Dataset entries:
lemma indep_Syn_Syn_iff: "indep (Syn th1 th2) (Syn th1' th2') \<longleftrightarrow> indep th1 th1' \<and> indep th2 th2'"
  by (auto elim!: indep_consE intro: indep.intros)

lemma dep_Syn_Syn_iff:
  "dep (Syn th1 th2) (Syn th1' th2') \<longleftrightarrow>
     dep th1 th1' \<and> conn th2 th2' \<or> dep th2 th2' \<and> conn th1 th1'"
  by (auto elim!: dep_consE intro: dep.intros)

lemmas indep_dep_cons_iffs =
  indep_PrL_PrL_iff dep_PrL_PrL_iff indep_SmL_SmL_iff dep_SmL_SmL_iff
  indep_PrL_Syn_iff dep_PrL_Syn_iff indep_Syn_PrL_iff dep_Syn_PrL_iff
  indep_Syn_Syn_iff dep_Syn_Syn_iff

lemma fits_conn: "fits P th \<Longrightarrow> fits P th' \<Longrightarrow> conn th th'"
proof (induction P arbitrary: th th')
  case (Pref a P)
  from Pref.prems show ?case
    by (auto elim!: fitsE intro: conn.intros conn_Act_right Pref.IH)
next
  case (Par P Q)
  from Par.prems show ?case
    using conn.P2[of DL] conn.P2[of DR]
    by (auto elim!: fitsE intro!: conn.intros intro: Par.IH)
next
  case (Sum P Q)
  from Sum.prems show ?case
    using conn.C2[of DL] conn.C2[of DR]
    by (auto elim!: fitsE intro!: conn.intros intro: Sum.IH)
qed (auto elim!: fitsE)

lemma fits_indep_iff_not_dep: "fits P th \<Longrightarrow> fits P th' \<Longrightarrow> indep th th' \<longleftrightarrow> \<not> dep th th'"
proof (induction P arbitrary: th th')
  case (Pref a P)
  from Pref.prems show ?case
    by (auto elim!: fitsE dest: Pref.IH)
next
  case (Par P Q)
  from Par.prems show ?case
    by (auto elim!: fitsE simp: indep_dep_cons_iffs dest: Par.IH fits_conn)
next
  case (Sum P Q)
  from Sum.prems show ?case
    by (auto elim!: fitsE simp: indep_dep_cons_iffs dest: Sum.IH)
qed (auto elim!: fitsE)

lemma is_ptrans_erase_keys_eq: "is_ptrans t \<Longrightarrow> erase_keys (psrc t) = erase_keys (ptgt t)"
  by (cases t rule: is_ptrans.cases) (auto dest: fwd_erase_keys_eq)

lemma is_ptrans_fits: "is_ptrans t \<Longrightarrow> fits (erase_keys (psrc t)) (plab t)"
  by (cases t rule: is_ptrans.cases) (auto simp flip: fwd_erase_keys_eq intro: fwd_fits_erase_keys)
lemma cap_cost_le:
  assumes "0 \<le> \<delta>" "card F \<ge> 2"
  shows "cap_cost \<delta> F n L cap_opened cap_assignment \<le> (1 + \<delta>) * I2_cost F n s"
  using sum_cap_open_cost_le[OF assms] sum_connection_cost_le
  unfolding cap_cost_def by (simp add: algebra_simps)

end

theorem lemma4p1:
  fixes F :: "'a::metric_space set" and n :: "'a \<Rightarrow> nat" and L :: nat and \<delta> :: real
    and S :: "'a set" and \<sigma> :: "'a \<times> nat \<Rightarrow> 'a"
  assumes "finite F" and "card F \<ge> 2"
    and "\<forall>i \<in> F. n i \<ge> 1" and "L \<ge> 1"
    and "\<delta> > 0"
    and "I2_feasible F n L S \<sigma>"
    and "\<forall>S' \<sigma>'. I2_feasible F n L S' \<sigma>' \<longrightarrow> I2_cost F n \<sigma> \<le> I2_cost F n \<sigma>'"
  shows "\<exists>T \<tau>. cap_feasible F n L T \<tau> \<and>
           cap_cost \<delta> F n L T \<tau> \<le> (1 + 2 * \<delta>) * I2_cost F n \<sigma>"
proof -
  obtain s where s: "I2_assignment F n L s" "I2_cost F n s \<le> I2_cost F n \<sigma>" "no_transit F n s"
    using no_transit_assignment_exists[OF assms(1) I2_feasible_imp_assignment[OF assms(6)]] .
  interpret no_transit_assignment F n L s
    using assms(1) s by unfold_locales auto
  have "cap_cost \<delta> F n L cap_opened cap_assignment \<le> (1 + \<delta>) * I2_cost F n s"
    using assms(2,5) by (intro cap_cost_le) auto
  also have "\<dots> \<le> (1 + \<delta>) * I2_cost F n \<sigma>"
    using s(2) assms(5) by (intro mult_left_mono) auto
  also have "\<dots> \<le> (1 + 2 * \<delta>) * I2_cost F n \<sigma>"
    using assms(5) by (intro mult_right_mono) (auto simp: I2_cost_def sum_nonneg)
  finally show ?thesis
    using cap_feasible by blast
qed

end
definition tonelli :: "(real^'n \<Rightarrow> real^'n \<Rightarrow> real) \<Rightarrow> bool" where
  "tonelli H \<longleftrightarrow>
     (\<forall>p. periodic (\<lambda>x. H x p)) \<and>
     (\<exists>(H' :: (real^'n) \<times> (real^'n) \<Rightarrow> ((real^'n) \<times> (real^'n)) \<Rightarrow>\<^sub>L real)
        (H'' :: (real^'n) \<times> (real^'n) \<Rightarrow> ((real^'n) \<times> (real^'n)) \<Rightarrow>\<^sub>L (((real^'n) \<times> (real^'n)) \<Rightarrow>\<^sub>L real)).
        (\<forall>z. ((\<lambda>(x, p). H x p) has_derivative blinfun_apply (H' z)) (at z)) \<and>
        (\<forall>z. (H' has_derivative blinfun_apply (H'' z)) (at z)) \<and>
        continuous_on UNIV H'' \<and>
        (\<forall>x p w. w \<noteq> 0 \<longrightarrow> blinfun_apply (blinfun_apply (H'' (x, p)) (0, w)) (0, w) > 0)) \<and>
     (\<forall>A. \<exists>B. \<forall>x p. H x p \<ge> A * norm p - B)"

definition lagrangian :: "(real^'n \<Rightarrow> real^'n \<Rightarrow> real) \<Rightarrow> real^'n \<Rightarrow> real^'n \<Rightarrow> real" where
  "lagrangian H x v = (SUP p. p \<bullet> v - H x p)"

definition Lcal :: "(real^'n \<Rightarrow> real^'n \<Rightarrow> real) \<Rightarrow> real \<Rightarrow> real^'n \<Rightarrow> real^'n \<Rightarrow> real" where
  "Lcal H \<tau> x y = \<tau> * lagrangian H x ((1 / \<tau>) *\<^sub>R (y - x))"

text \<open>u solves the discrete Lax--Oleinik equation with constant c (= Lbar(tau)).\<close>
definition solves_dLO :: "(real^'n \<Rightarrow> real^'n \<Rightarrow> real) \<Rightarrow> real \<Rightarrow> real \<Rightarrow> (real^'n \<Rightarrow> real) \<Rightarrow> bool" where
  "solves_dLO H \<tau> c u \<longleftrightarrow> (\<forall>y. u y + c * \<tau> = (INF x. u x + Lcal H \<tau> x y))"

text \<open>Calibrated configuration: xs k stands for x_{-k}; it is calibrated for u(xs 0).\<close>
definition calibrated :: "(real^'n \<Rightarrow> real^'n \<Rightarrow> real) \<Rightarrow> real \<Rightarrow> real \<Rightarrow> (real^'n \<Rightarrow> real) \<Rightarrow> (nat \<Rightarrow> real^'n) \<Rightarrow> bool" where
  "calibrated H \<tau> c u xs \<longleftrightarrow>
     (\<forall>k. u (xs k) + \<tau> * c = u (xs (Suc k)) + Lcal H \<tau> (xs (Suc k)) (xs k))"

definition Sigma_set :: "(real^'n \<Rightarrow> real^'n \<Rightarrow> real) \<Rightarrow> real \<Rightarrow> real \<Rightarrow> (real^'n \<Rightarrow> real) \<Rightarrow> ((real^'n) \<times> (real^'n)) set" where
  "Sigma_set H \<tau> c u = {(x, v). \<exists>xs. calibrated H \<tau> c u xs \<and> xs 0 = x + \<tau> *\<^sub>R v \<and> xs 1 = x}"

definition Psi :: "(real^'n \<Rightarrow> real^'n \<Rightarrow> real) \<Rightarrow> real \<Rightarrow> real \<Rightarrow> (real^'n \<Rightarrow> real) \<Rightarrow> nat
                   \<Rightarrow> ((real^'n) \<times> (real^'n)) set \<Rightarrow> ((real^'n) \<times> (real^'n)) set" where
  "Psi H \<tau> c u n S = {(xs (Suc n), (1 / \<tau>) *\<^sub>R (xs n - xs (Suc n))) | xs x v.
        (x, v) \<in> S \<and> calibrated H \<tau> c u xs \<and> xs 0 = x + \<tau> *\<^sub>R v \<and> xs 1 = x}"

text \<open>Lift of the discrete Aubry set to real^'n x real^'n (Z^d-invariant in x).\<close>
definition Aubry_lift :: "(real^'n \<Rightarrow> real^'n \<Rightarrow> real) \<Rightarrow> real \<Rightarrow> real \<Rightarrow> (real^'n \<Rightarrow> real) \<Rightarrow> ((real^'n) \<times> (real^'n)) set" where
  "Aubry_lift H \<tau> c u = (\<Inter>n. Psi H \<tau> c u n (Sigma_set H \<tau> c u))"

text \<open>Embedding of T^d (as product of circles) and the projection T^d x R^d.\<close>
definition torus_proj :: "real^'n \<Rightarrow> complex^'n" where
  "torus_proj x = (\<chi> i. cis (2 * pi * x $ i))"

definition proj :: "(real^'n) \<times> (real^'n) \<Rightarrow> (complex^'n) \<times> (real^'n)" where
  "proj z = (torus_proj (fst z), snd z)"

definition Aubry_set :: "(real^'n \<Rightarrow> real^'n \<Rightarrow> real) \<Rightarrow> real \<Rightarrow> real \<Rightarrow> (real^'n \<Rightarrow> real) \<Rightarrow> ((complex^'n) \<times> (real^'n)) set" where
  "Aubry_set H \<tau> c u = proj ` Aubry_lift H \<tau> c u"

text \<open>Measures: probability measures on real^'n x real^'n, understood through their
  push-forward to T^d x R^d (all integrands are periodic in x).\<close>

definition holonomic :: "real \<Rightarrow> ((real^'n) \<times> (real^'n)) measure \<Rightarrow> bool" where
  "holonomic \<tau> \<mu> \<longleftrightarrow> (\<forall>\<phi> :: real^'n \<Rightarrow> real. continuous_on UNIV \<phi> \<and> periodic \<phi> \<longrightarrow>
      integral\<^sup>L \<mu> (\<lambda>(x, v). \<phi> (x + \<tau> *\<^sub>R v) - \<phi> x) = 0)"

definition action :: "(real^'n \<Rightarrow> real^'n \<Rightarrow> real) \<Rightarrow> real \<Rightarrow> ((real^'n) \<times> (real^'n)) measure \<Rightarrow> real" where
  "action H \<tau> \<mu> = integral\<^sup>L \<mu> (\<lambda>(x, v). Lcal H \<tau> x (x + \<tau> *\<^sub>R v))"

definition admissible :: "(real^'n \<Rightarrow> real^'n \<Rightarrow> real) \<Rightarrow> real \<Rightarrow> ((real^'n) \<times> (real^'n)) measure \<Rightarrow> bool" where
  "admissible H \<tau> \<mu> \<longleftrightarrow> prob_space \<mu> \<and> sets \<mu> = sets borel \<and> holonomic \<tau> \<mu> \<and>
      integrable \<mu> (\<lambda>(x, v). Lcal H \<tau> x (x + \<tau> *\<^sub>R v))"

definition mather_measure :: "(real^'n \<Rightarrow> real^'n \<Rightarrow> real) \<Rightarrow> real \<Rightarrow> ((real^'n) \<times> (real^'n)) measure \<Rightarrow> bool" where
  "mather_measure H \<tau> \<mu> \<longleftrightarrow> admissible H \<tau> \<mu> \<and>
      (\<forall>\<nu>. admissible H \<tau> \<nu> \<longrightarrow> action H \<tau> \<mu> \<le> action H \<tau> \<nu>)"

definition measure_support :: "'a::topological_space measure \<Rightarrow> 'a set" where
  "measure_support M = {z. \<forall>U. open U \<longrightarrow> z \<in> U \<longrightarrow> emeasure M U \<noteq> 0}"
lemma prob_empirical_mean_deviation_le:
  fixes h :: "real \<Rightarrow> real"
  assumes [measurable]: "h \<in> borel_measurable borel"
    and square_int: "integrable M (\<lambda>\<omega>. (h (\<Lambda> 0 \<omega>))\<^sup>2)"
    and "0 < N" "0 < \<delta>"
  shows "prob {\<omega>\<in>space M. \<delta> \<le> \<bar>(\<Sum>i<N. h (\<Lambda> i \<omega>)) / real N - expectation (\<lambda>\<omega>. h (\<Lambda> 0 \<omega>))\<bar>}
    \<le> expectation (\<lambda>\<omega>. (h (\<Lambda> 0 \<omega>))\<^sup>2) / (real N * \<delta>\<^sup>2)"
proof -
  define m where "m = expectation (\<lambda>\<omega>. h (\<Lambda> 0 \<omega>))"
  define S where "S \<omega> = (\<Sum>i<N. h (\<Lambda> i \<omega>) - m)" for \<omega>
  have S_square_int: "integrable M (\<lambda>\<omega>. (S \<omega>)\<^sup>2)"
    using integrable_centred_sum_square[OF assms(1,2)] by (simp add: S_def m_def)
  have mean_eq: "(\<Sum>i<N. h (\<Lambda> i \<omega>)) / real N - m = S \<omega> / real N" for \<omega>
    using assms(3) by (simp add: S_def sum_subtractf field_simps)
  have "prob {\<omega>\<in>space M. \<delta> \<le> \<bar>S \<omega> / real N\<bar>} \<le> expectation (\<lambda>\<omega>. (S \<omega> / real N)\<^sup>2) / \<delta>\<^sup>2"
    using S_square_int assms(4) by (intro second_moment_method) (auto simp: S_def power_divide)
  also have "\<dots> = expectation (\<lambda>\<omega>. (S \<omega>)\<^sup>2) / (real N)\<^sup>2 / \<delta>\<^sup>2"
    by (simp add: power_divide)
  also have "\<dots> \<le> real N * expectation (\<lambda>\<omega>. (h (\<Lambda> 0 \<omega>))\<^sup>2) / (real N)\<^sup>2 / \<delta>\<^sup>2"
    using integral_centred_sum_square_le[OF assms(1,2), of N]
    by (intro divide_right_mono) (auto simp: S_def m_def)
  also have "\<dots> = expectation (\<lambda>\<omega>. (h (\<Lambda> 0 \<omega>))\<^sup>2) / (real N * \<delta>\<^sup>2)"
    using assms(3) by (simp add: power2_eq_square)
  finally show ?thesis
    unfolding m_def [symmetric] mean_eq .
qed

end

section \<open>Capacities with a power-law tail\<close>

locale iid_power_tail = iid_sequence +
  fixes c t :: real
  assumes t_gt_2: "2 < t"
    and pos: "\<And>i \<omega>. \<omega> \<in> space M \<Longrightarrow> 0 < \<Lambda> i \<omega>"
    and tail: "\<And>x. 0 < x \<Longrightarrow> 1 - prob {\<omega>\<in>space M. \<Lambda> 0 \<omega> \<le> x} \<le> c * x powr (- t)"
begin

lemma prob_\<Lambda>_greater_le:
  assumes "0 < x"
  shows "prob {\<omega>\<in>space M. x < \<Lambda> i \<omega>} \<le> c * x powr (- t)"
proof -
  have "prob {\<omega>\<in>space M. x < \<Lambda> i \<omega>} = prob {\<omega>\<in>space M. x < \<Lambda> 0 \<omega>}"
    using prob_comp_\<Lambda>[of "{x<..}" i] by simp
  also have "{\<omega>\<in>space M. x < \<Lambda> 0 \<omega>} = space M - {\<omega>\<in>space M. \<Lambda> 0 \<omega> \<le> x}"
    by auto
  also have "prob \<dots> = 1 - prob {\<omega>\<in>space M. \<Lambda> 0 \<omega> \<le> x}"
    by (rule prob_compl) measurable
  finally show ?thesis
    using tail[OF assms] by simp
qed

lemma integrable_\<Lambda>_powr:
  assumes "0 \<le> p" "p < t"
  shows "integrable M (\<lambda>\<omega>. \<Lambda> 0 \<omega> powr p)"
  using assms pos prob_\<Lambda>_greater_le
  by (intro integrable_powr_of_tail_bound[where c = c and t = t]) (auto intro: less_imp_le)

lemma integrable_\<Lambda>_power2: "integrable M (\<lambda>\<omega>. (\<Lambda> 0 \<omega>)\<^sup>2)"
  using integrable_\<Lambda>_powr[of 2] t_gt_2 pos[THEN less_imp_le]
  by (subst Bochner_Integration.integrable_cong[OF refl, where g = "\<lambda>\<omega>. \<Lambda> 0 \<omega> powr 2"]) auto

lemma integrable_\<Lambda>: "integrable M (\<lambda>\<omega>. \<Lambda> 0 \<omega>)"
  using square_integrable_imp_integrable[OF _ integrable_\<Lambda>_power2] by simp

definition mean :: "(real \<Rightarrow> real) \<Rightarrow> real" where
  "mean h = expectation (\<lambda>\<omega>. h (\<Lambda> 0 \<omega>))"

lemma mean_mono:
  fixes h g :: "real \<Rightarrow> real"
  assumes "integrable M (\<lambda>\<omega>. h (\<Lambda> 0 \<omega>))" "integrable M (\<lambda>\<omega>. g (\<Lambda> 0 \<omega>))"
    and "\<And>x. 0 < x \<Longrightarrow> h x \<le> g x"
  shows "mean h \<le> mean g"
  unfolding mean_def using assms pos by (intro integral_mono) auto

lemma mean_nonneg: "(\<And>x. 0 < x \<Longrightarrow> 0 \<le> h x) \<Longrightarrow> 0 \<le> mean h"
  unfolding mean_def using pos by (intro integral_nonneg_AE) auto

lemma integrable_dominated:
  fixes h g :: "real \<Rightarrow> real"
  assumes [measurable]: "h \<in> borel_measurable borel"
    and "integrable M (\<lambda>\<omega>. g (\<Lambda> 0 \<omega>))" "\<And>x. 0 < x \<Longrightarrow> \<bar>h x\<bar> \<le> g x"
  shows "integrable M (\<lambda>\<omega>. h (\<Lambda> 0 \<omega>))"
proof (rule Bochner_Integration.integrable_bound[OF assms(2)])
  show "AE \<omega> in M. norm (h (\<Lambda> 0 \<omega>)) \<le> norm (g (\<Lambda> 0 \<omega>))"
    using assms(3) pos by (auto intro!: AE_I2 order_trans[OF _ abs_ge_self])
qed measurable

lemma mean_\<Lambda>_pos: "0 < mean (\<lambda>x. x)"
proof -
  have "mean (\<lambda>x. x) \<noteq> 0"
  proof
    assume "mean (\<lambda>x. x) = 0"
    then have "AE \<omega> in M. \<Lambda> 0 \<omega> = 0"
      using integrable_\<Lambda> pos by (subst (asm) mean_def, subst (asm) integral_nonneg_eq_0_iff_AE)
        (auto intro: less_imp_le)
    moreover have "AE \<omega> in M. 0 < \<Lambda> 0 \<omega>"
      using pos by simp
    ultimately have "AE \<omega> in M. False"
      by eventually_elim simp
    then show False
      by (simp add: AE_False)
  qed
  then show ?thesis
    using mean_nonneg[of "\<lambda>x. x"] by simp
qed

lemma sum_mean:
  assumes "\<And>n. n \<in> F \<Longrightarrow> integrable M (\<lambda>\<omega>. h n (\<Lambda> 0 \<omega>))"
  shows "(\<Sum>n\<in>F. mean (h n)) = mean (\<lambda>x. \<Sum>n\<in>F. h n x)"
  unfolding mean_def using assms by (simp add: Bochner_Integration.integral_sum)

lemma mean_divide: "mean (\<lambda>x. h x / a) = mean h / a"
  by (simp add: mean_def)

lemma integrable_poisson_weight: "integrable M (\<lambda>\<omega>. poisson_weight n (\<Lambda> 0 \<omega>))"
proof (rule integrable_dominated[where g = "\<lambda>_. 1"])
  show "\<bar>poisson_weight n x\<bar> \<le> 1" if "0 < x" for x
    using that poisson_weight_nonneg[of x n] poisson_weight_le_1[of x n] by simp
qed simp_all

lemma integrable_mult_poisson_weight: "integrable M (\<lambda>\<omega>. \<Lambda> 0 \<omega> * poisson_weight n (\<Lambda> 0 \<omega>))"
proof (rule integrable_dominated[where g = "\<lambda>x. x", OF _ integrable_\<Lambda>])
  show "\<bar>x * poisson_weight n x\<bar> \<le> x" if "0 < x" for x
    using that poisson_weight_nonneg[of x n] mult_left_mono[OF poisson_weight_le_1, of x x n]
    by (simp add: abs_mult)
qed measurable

→ **EXERCISE REQUIREMENTS**
Looking at the entries above, can you reproduce exactly the lines from the one that holds "using assms(2,5) by" through the one that holds "(\<exists>(H' :: (real^'n)", and only those?

→ **YOUR SOLUTION**
    using assms(2,5) by (intro cap_cost_le) auto
  also have "\<dots> \<le> (1 + \<delta>) * I2_cost F n \<sigma>"
    using s(2) assms(5) by (intro mult_left_mono) auto
  also have "\<dots> \<le> (1 + 2 * \<delta>) * I2_cost F n \<sigma>"
    using assms(5) by (intro mult_right_mono) (auto simp: I2_cost_def sum_nonneg)
  finally show ?thesis
    using cap_feasible by blast
qed

end
definition tonelli :: "(real^'n \<Rightarrow> real^'n \<Rightarrow> real) \<Rightarrow> bool" where
  "tonelli H \<longleftrightarrow>
     (\<forall>p. periodic (\<lambda>x. H x p)) \<and>
     (\<exists>(H' :: (real^'n) \<times> (real^'n) \<Rightarrow> ((real^'n) \<times> (real^'n)) \<Rightarrow>\<^sub>L real)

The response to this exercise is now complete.